--- SOURCE MATERIAL ---
text \<open>Each nonzero term \<open>C u v * Q u v\<close> is split between the diagonal terms of \<open>u\<close> and \<open>v\<close>;
  sparsity of the support of \<open>C\<close> bounds how often each diagonal term is charged.\<close>
lemma abs_sum_sparse_form_le:
  fixes Q C :: "'u \<Rightarrow> 'u \<Rightarrow> real" and N :: real
  assumes "finite S" "\<eta> > 0"
    and Q_nonneg: "\<And>u. u \<in> S \<Longrightarrow> 0 \<le> Q u u"
    and Q_commute: "\<And>u v. u \<in> S \<Longrightarrow> v \<in> S \<Longrightarrow> Q u v = Q v u"
    and Q_amgm: "\<And>u v. u \<in> S \<Longrightarrow> v \<in> S \<Longrightarrow> 2 * \<bar>Q u v\<bar> \<le> \<eta> * Q u u + Q v v / \<eta>"
    and C_support: "\<And>u v. u \<in> S \<Longrightarrow> v \<in> S \<Longrightarrow> C u v \<noteq> 0 \<Longrightarrow> adj u v \<and> (heavy u \<or> heavy v)"
    and C_bounded: "\<And>u v. \<bar>C u v\<bar> \<le> 1"
    and adj_commute: "\<And>u v. adj u v = adj v u"
    and degree: "\<And>u. u \<in> S \<Longrightarrow> card {v\<in>S. adj u v} \<le> N"
  shows "\<bar>\<Sum>u\<in>S. \<Sum>v\<in>S. C u v * Q u v\<bar>
    \<le> N * (\<eta> * (\<Sum>u\<in>S. of_bool (heavy u) * Q u u) + (\<Sum>u\<in>S. Q u u) / \<eta>)"
proof -
  define W where "W u = \<eta> * of_bool (heavy u) * Q u u + Q u u / \<eta>" for u
  have W_nonneg: "u \<in> S \<Longrightarrow> 0 \<le> W u" for u
    unfolding W_def using Q_nonneg[of u] \<open>\<eta> > 0\<close> by auto
  have term_le: "\<bar>C u v * Q u v\<bar> \<le> of_bool (adj u v) * W u / 2 + of_bool (adj u v) * W v / 2"
    if u: "u \<in> S" and v: "v \<in> S" for u v
  proof (cases "C u v = 0")
    case True
    then show ?thesis using W_nonneg[OF u] W_nonneg[OF v] by auto
  next
    case False
    with C_support[OF u v] have "adj u v" "heavy u \<or> heavy v" by auto
    moreover have "\<bar>C u v * Q u v\<bar> \<le> \<bar>Q u v\<bar>"
      using C_bounded[of u v] by (simp add: abs_mult mult_left_le_one_le)
    moreover have "2 * \<bar>Q u v\<bar> \<le> W u + W v"
      unfolding W_def using Q_amgm[OF u v] Q_amgm[OF v u] Q_commute[OF u v] Q_nonneg[OF u] Q_nonneg[OF v]
      by (intro abs_le_heavy_weights \<open>\<eta> > 0\<close> \<open>heavy u \<or> heavy v\<close>) auto
    ultimately show ?thesis by simp
  qed
  have "\<bar>\<Sum>u\<in>S. \<Sum>v\<in>S. C u v * Q u v\<bar> \<le> (\<Sum>u\<in>S. \<Sum>v\<in>S. \<bar>C u v * Q u v\<bar>)"
    by (rule order_trans[OF sum_abs]) (intro sum_mono sum_abs)
  also have "\<dots> \<le> (\<Sum>u\<in>S. \<Sum>v\<in>S. of_bool (adj u v) * W u / 2 + of_bool (adj u v) * W v / 2)"
    by (intro sum_mono term_le)
  also have "\<dots> = ((\<Sum>u\<in>S. \<Sum>v\<in>S. of_bool (adj u v) * W u)
      + (\<Sum>u\<in>S. \<Sum>v\<in>S. of_bool (adj u v) * W v)) / 2"
    by (simp add: sum.distrib sum_divide_distrib[symmetric])
  also have "(\<Sum>u\<in>S. \<Sum>v\<in>S. of_bool (adj u v) * W v) = (\<Sum>v\<in>S. \<Sum>u\<in>S. of_bool (adj u v) * W v)"
    by (rule sum.swap)
  also have "\<dots> = (\<Sum>v\<in>S. \<Sum>u\<in>S. of_bool (adj v u) * W v)"
    by (intro sum.cong refl) (simp add: adj_commute)
  also have "((\<Sum>u\<in>S. \<Sum>v\<in>S. of_bool (adj u v) * W u) + \<dots>) / 2 \<le> N * (\<Sum>u\<in>S. W u)"
    using sum_adjacent_le[OF \<open>finite S\<close> W_nonneg degree] by simp
  also have "(\<Sum>u\<in>S. W u) = \<eta> * (\<Sum>u\<in>S. of_bool (heavy u) * Q u u) + (\<Sum>u\<in>S. Q u u) / \<eta>"
    unfolding W_def by (simp add: sum.distrib sum_distrib_left sum_divide_distrib mult.assoc)
  finally show ?thesis .
qed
---
TASK PROMPT: The response should consist of the entries above, retyped exactly.

OUTPUT BELOW:
text \<open>Each nonzero term \<open>C u v * Q u v\<close> is split between the diagonal terms of \<open>u\<close> and \<open>v\<close>;
  sparsity of the support of \<open>C\<close> bounds how often each diagonal term is charged.\<close>
lemma abs_sum_sparse_form_le:
  fixes Q C :: "'u \<Rightarrow> 'u \<Rightarrow> real" and N :: real
  assumes "finite S" "\<eta> > 0"
    and Q_nonneg: "\<And>u. u \<in> S \<Longrightarrow> 0 \<le> Q u u"
    and Q_commute: "\<And>u v. u \<in> S \<Longrightarrow> v \<in> S \<Longrightarrow> Q u v = Q v u"
    and Q_amgm: "\<And>u v. u \<in> S \<Longrightarrow> v \<in> S \<Longrightarrow> 2 * \<bar>Q u v\<bar> \<le> \<eta> * Q u u + Q v v / \<eta>"
    and C_support: "\<And>u v. u \<in> S \<Longrightarrow> v \<in> S \<Longrightarrow> C u v \<noteq> 0 \<Longrightarrow> adj u v \<and> (heavy u \<or> heavy v)"
    and C_bounded: "\<And>u v. \<bar>C u v\<bar> \<le> 1"
    and adj_commute: "\<And>u v. adj u v = adj v u"
    and degree: "\<And>u. u \<in> S \<Longrightarrow> card {v\<in>S. adj u v} \<le> N"
  shows "\<bar>\<Sum>u\<in>S. \<Sum>v\<in>S. C u v * Q u v\<bar>
    \<le> N * (\<eta> * (\<Sum>u\<in>S. of_bool (heavy u) * Q u u) + (\<Sum>u\<in>S. Q u u) / \<eta>)"
proof -
  define W where "W u = \<eta> * of_bool (heavy u) * Q u u + Q u u / \<eta>" for u
  have W_nonneg: "u \<in> S \<Longrightarrow> 0 \<le> W u" for u
    unfolding W_def using Q_nonneg[of u] \<open>\<eta> > 0\<close> by auto
  have term_le: "\<bar>C u v * Q u v\<bar> \<le> of_bool (adj u v) * W u / 2 + of_bool (adj u v) * W v / 2"
    if u: "u \<in> S" and v: "v \<in> S" for u v
  proof (cases "C u v = 0")
    case True
    then show ?thesis using W_nonneg[OF u] W_nonneg[OF v] by auto
  next
    case False
    with C_support[OF u v] have "adj u v" "heavy u \<or> heavy v" by auto
    moreover have "\<bar>C u v * Q u v\<bar> \<le> \<bar>Q u v\<bar>"
      using C_bounded[of u v] by (simp add: abs_mult mult_left_le_one_le)
    moreover have "2 * \<bar>Q u v\<bar> \<le> W u + W v"
      unfolding W_def using Q_amgm[OF u v] Q_amgm[OF v u] Q_commute[OF u v] Q_nonneg[OF u] Q_nonneg[OF v]
      by (intro abs_le_heavy_weights \<open>\<eta> > 0\<close> \<open>heavy u \<or> heavy v\<close>) auto
    ultimately show ?thesis by simp
  qed
  have "\<bar>\<Sum>u\<in>S. \<Sum>v\<in>S. C u v * Q u v\<bar> \<le> (\<Sum>u\<in>S. \<Sum>v\<in>S. \<bar>C u v * Q u v\<bar>)"
    by (rule order_trans[OF sum_abs]) (intro sum_mono sum_abs)
  also have "\<dots> \<le> (\<Sum>u\<in>S. \<Sum>v\<in>S. of_bool (adj u v) * W u / 2 + of_bool (adj u v) * W v / 2)"
    by (intro sum_mono term_le)
  also have "\<dots> = ((\<Sum>u\<in>S. \<Sum>v\<in>S. of_bool (adj u v) * W u)
      + (\<Sum>u\<in>S. \<Sum>v\<in>S. of_bool (adj u v) * W v)) / 2"
    by (simp add: sum.distrib sum_divide_distrib[symmetric])
  also have "(\<Sum>u\<in>S. \<Sum>v\<in>S. of_bool (adj u v) * W v) = (\<Sum>v\<in>S. \<Sum>u\<in>S. of_bool (adj u v) * W v)"
    by (rule sum.swap)
  also have "\<dots> = (\<Sum>v\<in>S. \<Sum>u\<in>S. of_bool (adj v u) * W v)"
    by (intro sum.cong refl) (simp add: adj_commute)
  also have "((\<Sum>u\<in>S. \<Sum>v\<in>S. of_bool (adj u v) * W u) + \<dots>) / 2 \<le> N * (\<Sum>u\<in>S. W u)"
    using sum_adjacent_le[OF \<open>finite S\<close> W_nonneg degree] by simp
  also have "(\<Sum>u\<in>S. W u) = \<eta> * (\<Sum>u\<in>S. of_bool (heavy u) * Q u u) + (\<Sum>u\<in>S. Q u u) / \<eta>"
    unfolding W_def by (simp add: sum.distrib sum_distrib_left sum_divide_distrib mult.assoc)
  finally show ?thesis .
qed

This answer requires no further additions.